James uses the method in didactics all subjects to her 2nd-graders, such as when she introduces the 100s number chart to hash out identify value.

"They will talk about it being a grid, how each space is equal," she said. "They will find the numbers going across are 1 to x. I then come in and say that the horizontal numbers are 1 to 10. And then they will notice the vertical numbers are counting past 10s."

"Very often young children take an virtually deeper perception of what they're seeing," said Fresno State professor Kim Morin. "They don't take preconceptions. They don't think: 'I don't get information technology.'"

Fresno has decided to implement the curriculum by adding it to a course each year, beginning with preschool children final year and transitional kindergartners this yr. The integrated approach will follow the children equally they motion through the Thou-12 system.

Starting young has its advantages, Morin said. "Very ofttimes young children have an about deeper perception of what they're seeing," she said. "They don't have preconceptions. They don't think: 'I don't get it.'"

In a research paper on talking well-nigh art with immature people, David Bell, an associate professor at the University of Otago in New Zealand, says that "children are less inhibited than many adults in their engagement with artworks."
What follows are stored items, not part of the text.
lemma exp_neg_powr_le_inverse_square:
  fixes b q :: real
  assumes "b > 0" "q > 0"
  shows "\<exists>D>0. \<forall>s\<ge>0. exp (- (b * s powr q)) \<le> D / (1 + s^2)"
proof -
  define m :: nat where "m = nat \<lceil>2 / q\<rceil>"
  have "m > 0"
    using assms by (simp add: m_def)
  have "q * m \<ge> 2"
    using assms unfolding m_def by (smt (verit) divide_pos_pos le_divide_eq_numeral1(1) le_nat_iff
      mult.commute of_nat_nat pos_divide_le_eq real_nat_ceiling_ge)
  define c where "c = (b / m) ^ m"
  have "c > 0"
    using assms \<open>m > 0\<close> by (simp add: c_def)
  \<comment> \<open>\<open>exp x \<ge> (x/m)\<^sup>m\<close> with \<open>q m \<ge> 2\<close> gives quadratic growth of \<open>exp (b s\<^sup>q)\<close>.\<close>
  have large: "c * (1 + s^2) / 2 \<le> exp (b * s powr q)" if "s \<ge> 1" for s
  proof -
    have "c * (1 + s^2) / 2 \<le> c * s^2"
      using \<open>c > 0\<close> that by (simp add: field_simps one_le_power)
    also have "s^2 \<le> s powr (q * m)"
      using that \<open>q * m \<ge> 2\<close> by (metis powr_mono powr_numeral of_nat_numeral one_le_numeral order_trans zero_le_one)
    then have "c * s^2 \<le> c * s powr (q * m)"
      using \<open>c > 0\<close> by simp
    also have "\<dots> = (b * s powr q / m) ^ m"
      using that by (simp add: c_def power_mult_distrib powr_powr powr_realpow[symmetric] power_divide)
    also have "\<dots> \<le> (1 + b * s powr q / m) ^ m"
      using assms that by (intro power_mono) auto
    also have "\<dots> \<le> exp (b * s powr q)"
      using assms \<open>m > 0\<close> by (intro exp_ge_one_plus_x_over_n_power_n) (auto intro: order_trans[of _ 0])
    finally show ?thesis .
  qed
  have "exp (- (b * s powr q)) \<le> max 2 (2 / c) / (1 + s^2)" if "s \<ge> 0" for s
  proof (cases "s \<le> 1")
    case True
    have "exp (- (b * s powr q)) \<le> 1"
      using assms that by simp
    also have "1 \<le> 2 / (1 + s^2)"
      using True that by (simp add: le_divide_eq power_le_one) (smt (verit) zero_le_power2)
    also have "\<dots> \<le> max 2 (2 / c) / (1 + s^2)"
      by (intro divide_right_mono) auto
    finally show ?thesis .
  next
    case False
    have "exp (- (b * s powr q)) = 1 / exp (b * s powr q)"
      by (simp add: exp_minus field_simps)
    also have "\<dots> \<le> 1 / (c * (1 + s^2) / 2)"
      using large[of s] False \<open>c > 0\<close> by (intro divide_left_mono) (auto intro!: mult_pos_pos add_pos_nonneg)
    also have "\<dots> = (2 / c) / (1 + s^2)"
      by simp
    also have "\<dots> \<le> max 2 (2 / c) / (1 + s^2)"
      by (intro divide_right_mono) auto
    finally show ?thesis .
  qed
  then show ?thesis
    by (intro exI[of _ "max 2 (2 / c)"]) auto
qed
lemma integrable_exp_powr_diff:
  fixes K a r q :: real
  assumes "K \<ge> 0" "a > 0" "0 < r" "r < q"
  shows "integrable lborel (\<lambda>t. exp (K * \<bar>t\<bar> powr r - a * \<bar>t\<bar> powr q))"
proof -
  obtain C where C: "\<And>s. s \<ge> 0 \<Longrightarrow> K * s powr r \<le> a / 2 * s powr q + C"
    using powr_le_half_powr_plus_const[OF assms] by blast
  obtain D where D: "D > 0" "\<And>s. s \<ge> 0 \<Longrightarrow> exp (- (a/2 * s powr q)) \<le> D / (1 + s^2)"
    using exp_neg_powr_le_inverse_square[of "a/2" q] assms by auto
  show ?thesis
  proof (rule Bochner_Integration.integrable_bound)
    show "integrable lborel (\<lambda>t. exp C * D * inverse (1 + t^2))"
      using integrable_inverse_1_plus_square by (simp add: set_integrable_def einterval_def)
    show "AE t in lborel. norm (exp (K * \<bar>t\<bar> powr r - a * \<bar>t\<bar> powr q))
        \<le> norm (exp C * D * inverse (1 + t^2))"
    proof (intro AE_I2)
      fix t :: real
      have "K * \<bar>t\<bar> powr r - a * \<bar>t\<bar> powr q \<le> C + - (a/2 * \<bar>t\<bar> powr q)"
        using C[of "\<bar>t\<bar>"] by simp
      then have "exp (K * \<bar>t\<bar> powr r - a * \<bar>t\<bar> powr q) \<le> exp C * exp (- (a/2 * \<bar>t\<bar> powr q))"
        by (simp add: exp_add[symmetric])
      also have "\<dots> \<le> exp C * (D / (1 + \<bar>t\<bar>^2))"
        using D(2)[of "\<bar>t\<bar>"] by (intro mult_left_mono) auto
      finally show "norm (exp (K * \<bar>t\<bar> powr r - a * \<bar>t\<bar> powr q)) \<le> norm (exp C * D * inverse (1 + t^2))"
        using D(1) by (simp add: field_simps)
    qed
  qed measurable
qed

lemma abs_integral_divide_le:
  fixes M :: "'a measure" and h g :: "'a \<Rightarrow> real"
  assumes g_nonneg: "\<And>x. g x \<ge> 0" and h_le: "\<And>x. \<bar>h x\<bar> \<le> B * g x" and "B \<ge> 0"
  shows "\<bar>integral\<^sup>L M h / integral\<^sup>L M g\<bar> \<le> B"
proof (cases "integral\<^sup>L M g = 0")
  case False
  then have "integrable M g"
    using not_integrable_integral_eq by blast
  have pos: "integral\<^sup>L M g > 0"
    using False Bochner_Integration.integral_nonneg[of M g] g_nonneg by (simp add: order_less_le)
  have "\<bar>integral\<^sup>L M h\<bar> \<le> B * integral\<^sup>L M g"
  proof (cases "integrable M h")
    case True
    have "\<bar>integral\<^sup>L M h\<bar> \<le> integral\<^sup>L M (\<lambda>x. \<bar>h x\<bar>)"
      using integral_norm_bound[of M h] by simp
    also have "\<dots> \<le> integral\<^sup>L M (\<lambda>x. B * g x)"
      using True \<open>integrable M g\<close> h_le by (intro integral_mono) auto
    finally show ?thesis
      by simp
  qed (use pos \<open>B \<ge> 0\<close> in \<open>simp add: not_integrable_integral_eq\<close>)
  then show ?thesis
    using pos by (simp add: divide_le_eq)
qed (use \<open>B \<ge> 0\<close> in simp)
"They may be surprised, entertained, puzzled or challenged past what they see," he said. "They are as well likely to express their various responses to the works in exclamations, comments or conversations."

Teachers laud the method for slowing things down in a fast-paced world and edifice on young children'south natural ability to larn through observing.

"Everyone is worried most kids having access to applied science," Levett said. "They're too little. They demand to acquire how to await slowly, really notice. Everything in engineering is click, click, click. This method hones the arts and crafts of looking deeply and really listening to each other."